▼
text \<open>Some x outside S has -x in the positive hull of X, which gives a positive
  combination of points outside S lying in S; we take a minimal one.\<close>
lemma minimal_positive_combination_outside:
  assumes S: "subspace S" "S \<noteq> UNIV"
  obtains T l where "T \<subseteq> X - S" "T \<noteq> {}" "\<forall>t\<in>T. 0 < l t" "(\<Sum>t\<in>T. l t *\<^sub>R t) \<in> S"
    "\<And>T' l'. T' \<subset> T \<Longrightarrow> T' \<noteq> {} \<Longrightarrow> \<forall>t\<in>T'. 0 < l' t \<Longrightarrow> (\<Sum>t\<in>T'. l' t *\<^sub>R t) \<notin> S"
proof -
  define P where "P T \<longleftrightarrow> T \<noteq> {} \<and> (\<exists>l. (\<forall>t\<in>T. 0 < l t) \<and> (\<Sum>t\<in>T. l t *\<^sub>R t) \<in> S)" for T
  obtain x where x: "x \<in> X" "x \<notin> S"
    using S span_X by (metis span_minimal subsetI top.extremum_uniqueI)
  have "- x \<in> pos_hull X"
    using pos_hull_X by simp
  then obtain u where u: "\<forall>y\<in>X. 0 \<le> u y" "- x = (\<Sum>y\<in>X. u y *\<^sub>R y)"
    unfolding pos_hull_finite[OF finite_X] by blast
  define l where "l = u(x := u x + 1)"
  have "(\<Sum>y\<in>X. l y *\<^sub>R y) = 0"
    using u(2)[symmetric] x(1) finite_X unfolding l_def by (simp add: sum.remove scaleR_left_distrib algebra_simps)
  have l_nonneg: "0 \<le> l y" if "y \<in> X" for y
    using u(1) that x(1) unfolding l_def by (simp add: add_nonneg_nonneg)
  define T1 where "T1 = {y\<in>X - S. 0 < l y}"
  have "(\<Sum>y\<in>X - T1. l y *\<^sub>R y) \<in> S"
  proof (intro subspace_sum[OF S(1)])
    fix y assume "y \<in> X - T1"
    then have "y \<in> S \<or> l y = 0"
      using l_nonneg[of y] unfolding T1_def by force
    then show "l y *\<^sub>R y \<in> S"
      using S(1) by (auto simp: subspace_scale subspace_0)
  qed
  moreover have "(\<Sum>y\<in>X - T1. l y *\<^sub>R y) + (\<Sum>y\<in>T1. l y *\<^sub>R y) = 0"
    using \<open>(\<Sum>y\<in>X. l y *\<^sub>R y) = 0\<close> sum.subset_diff[of T1 X "\<lambda>y. l y *\<^sub>R y"] finite_X
    unfolding T1_def by auto
  ultimately have "(\<Sum>y\<in>T1. l y *\<^sub>R y) \<in> S"
    using subspace_neg[OF S(1)] by (metis add.commute eq_neg_iff_add_eq_0)
  moreover have "x \<in> T1"
    using x u(1) unfolding T1_def l_def by (simp add: add_nonneg_pos)
  ultimately have "P T1"
    unfolding P_def T1_def by blast
  moreover have "finite T1"
    using finite_X unfolding T1_def by simp
  ultimately obtain T where T: "T \<subseteq> T1" "P T" "\<forall>T'\<subset>T. \<not> P T'"
    using finite_minimal_subset[of T1 P] by blast
  then obtain l where "\<forall>t\<in>T. 0 < l t" "(\<Sum>t\<in>T. l t *\<^sub>R t) \<in> S"
    unfolding P_def by blast
  moreover have "T \<subseteq> X - S" "T \<noteq> {}"
    using T unfolding T1_def P_def by auto
  ultimately show ?thesis
    using that[of T l] T(3) unfolding P_def by blast
qed

lemma exists_positive_circuit_modulo:
  assumes "span S \<noteq> UNIV"
  obtains T l where "T \<subseteq> X - span S" "positive_circuit_modulo S T l"
proof -
  obtain T l where T: "T \<subseteq> X - span S" "T \<noteq> {}" and l: "\<forall>t\<in>T. 0 < l t" "(\<Sum>t\<in>T. l t *\<^sub>R t) \<in> span S"
    and minimal: "\<And>T' l'. T' \<subset> T \<Longrightarrow> T' \<noteq> {} \<Longrightarrow> \<forall>t\<in>T'. 0 < l' t \<Longrightarrow> (\<Sum>t\<in>T'. l' t *\<^sub>R t) \<notin> span S"
    using minimal_positive_combination_outside[OF subspace_span assms] by blast
  have finT: "finite T"
    using T(1) finite_subset[OF _ finite_X] by blast
  have "2 \<le> card T"
  proof (rule ccontr)
    assume "\<not> 2 \<le> card T"
    moreover have "card T \<noteq> 0"
      using T(2) finT by simp
    ultimately obtain t where t: "T = {t}"
      by (metis One_nat_def card_1_singletonE less_2_cases_iff not_less)
    then have "l t *\<^sub>R t \<in> span S"
      using l(2) by simp
    then have "(1 / l t) *\<^sub>R (l t *\<^sub>R t) \<in> span S"
      by (rule span_scale)
    then show False
      using l(1) T(1) t by simp
  qed
  then show ?thesis
    using that[OF T(1)] finT l minimal_positive_combination_unique[OF subspace_span finT l minimal]
    unfolding positive_circuit_modulo_def by blast
qed

lemma partial_skeleton_grow:
  assumes F: "partial_skeleton F \<rho>" "\<Union>F \<subseteq> X" and "span (\<Union>F) \<noteq> UNIV"
  obtains F' \<rho>' where "partial_skeleton F' \<rho>'" "\<Union>F' \<subseteq> X" "span (\<Union>F) \<subset> span (\<Union>F')"
proof -
  obtain T l where T: "T \<subseteq> X - span (\<Union>F)" "positive_circuit_modulo (\<Union>F) T l"
    using exists_positive_circuit_modulo[OF assms(3)] by blast
  have "T \<inter> \<Union>F = {}"
    using T(1) span_superset[of "\<Union>F"] by blast
  then obtain F' \<rho>' where F': "partial_skeleton F' \<rho>'" "\<Union>F' \<subseteq> \<Union>F \<union> T" "span (\<Union>F') = span (\<Union>F \<union> T)"
    using partial_skeleton_absorb[OF F T(2)] T(1) by blast
  obtain t where "t \<in> T"
    using positive_circuit_modulo_card[OF T(2)] by fastforce
  then have "span (\<Union>F) \<subset> span (\<Union>F \<union> T)"
    using T(1) span_mono[of "\<Union>F" "\<Union>F \<union> T"] span_base[of t "\<Union>F \<union> T"] by blast
  moreover have "\<Union>F' \<subseteq> X"
    using F'(2) F(2) T(1) by blast
  ultimately show ?thesis
    using that[OF F'(1)] F'(3) by simp
qed

lemma exists_skeleton:
  obtains F \<rho> where "partial_skeleton F \<rho>" "\<Union>F \<subseteq> X" "span (\<Union>F) = UNIV"
proof -
  have "partial_skeleton F \<rho> \<Longrightarrow> \<Union>F \<subseteq> X \<Longrightarrow> \<exists>F' \<rho>'. partial_skeleton F' \<rho>' \<and> \<Union>F' \<subseteq> X \<and> span (\<Union>F') = UNIV"
    for F :: "'a set set" and \<rho>
  proof (induction "DIM('a) - dim (\<Union>F)" arbitrary: F \<rho> rule: less_induct)
    case less
    show ?case
    proof (cases "span (\<Union>F) = UNIV")
      case False
      then obtain F' \<rho>' where F': "partial_skeleton F' \<rho>'" "\<Union>F' \<subseteq> X" "span (\<Union>F) \<subset> span (\<Union>F')"
        using partial_skeleton_grow less.prems by blast
      then have "dim (\<Union>F) < dim (\<Union>F')"
        by (metis dim_psubset dim_span)
      then have "DIM('a) - dim (\<Union>F') < DIM('a) - dim (\<Union>F)"
        using dim_subset_UNIV[of "\<Union>F'"] by linarith
      then show ?thesis
        using less.hyps F'(1,2) by blast
    qed (use less.prems in blast)
  qed
  then show ?thesis
    using that partial_skeleton_empty by blast
qed
end

theorem theorem1p3:
  fixes X :: "'a::euclidean_space set"
  assumes "finite X"
    and "0 \<notin> X"
    and "0 \<in> interior (convex hull X)"
    and "\<forall>x\<in>X. \<forall>y\<in>X. \<forall>c::real. c > 0 \<and> y = c *\<^sub>R x \<longrightarrow> y = x"
    and "\<forall>A. A \<subseteq> X \<and> card A = DIM('a) + 1 \<longrightarrow> good_position A"
  shows "\<exists>k::nat. \<exists>Xs :: nat \<Rightarrow> 'a set. k \<ge> 1 \<and>
           (\<forall>i<k. Xs i \<subseteq> X) \<and>
           (\<forall>i<k. \<forall>j<k. i \<noteq> j \<longrightarrow> Xs i \<inter> Xs j = {}) \<and>
           (\<forall>i<k. \<not> affine_dependent (Xs i) \<and> 0 \<in> rel_interior (convex hull (Xs i))) \<and>
           (\<forall>v :: nat \<Rightarrow> 'a. (\<forall>i<k. v i \<in> span (Xs i)) \<and> (\<Sum>i<k. v i) = 0
                \<longrightarrow> (\<forall>i<k. v i = 0)) \<and>
           span (\<Union>i<k. Xs i) = UNIV"
proof -
  have pos_hull: "pos_hull X = UNIV"
    using pos_hull_UNIV_if_interior_convex_hull assms(1,3) by blast
  interpret good_dependent_set X
    using assms(1) pos_hull good_position_if_dependent[OF pos_hull_UNIV_imp_span_UNIV[OF pos_hull] assms(5)]
      finite_subset by unfold_locales blast+
  obtain F \<rho> where F: "partial_skeleton F \<rho>" "\<Union>F \<subseteq> X" "span (\<Union>F) = UNIV"
    by (rule exists_skeleton)
  obtain k :: nat and Xs where Xs: "1 \<le> k" "\<forall>i<k. Xs i \<in> F" "(\<Union>i<k. Xs i) = \<Union>F"
    "\<forall>i<k. \<forall>j<k. i \<noteq> j \<longrightarrow> Xs i \<inter> Xs j = {}"
    "\<forall>v. (\<forall>i<k. v i \<in> span (Xs i)) \<and> (\<Sum>i<k. v i) = 0 \<longrightarrow> (\<forall>i<k. v i = 0)"
    by (rule partial_skeleton_enumerate[OF F(1,3)])
  moreover have "\<forall>i<k. Xs i \<subseteq> X"
    using Xs(2) F(2) by blast
  moreover have "\<forall>i<k. \<not> affine_dependent (Xs i) \<and> 0 \<in> rel_interior (convex hull (Xs i))"
    using Xs(2) partial_skeleton_block_simplex[OF F(1)] by blast
  ultimately show ?thesis
    using F(3) by (intro exI[of _ k] exI[of _ Xs]) auto
qed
▲
:: PROBLEM TO SOLVE ::
Reproduce the lines of the records exactly, from the first one through the line that contains "y *\<^sub>R y \<in>".

:: RESPONSE TO THIS EXERCISE ::
text \<open>Some x outside S has -x in the positive hull of X, which gives a positive
  combination of points outside S lying in S; we take a minimal one.\<close>
lemma minimal_positive_combination_outside:
  assumes S: "subspace S" "S \<noteq> UNIV"
  obtains T l where "T \<subseteq> X - S" "T \<noteq> {}" "\<forall>t\<in>T. 0 < l t" "(\<Sum>t\<in>T. l t *\<^sub>R t) \<in> S"
    "\<And>T' l'. T' \<subset> T \<Longrightarrow> T' \<noteq> {} \<Longrightarrow> \<forall>t\<in>T'. 0 < l' t \<Longrightarrow> (\<Sum>t\<in>T'. l' t *\<^sub>R t) \<notin> S"
proof -
  define P where "P T \<longleftrightarrow> T \<noteq> {} \<and> (\<exists>l. (\<forall>t\<in>T. 0 < l t) \<and> (\<Sum>t\<in>T. l t *\<^sub>R t) \<in> S)" for T
  obtain x where x: "x \<in> X" "x \<notin> S"
    using S span_X by (metis span_minimal subsetI top.extremum_uniqueI)
  have "- x \<in> pos_hull X"
    using pos_hull_X by simp
  then obtain u where u: "\<forall>y\<in>X. 0 \<le> u y" "- x = (\<Sum>y\<in>X. u y *\<^sub>R y)"
    unfolding pos_hull_finite[OF finite_X] by blast
  define l where "l = u(x := u x + 1)"
  have "(\<Sum>y\<in>X. l y *\<^sub>R y) = 0"
    using u(2)[symmetric] x(1) finite_X unfolding l_def by (simp add: sum.remove scaleR_left_distrib algebra_simps)
  have l_nonneg: "0 \<le> l y" if "y \<in> X" for y
    using u(1) that x(1) unfolding l_def by (simp add: add_nonneg_nonneg)
  define T1 where "T1 = {y\<in>X - S. 0 < l y}"
  have "(\<Sum>y\<in>X - T1. l y *\<^sub>R y) \<in> S"
  proof (intro subspace_sum[OF S(1)])
    fix y assume "y \<in> X - T1"
    then have "y \<in> S \<or> l y = 0"
      using l_nonneg[of y] unfolding T1_def by force
    then show "l y *\<^sub>R y \<in> S"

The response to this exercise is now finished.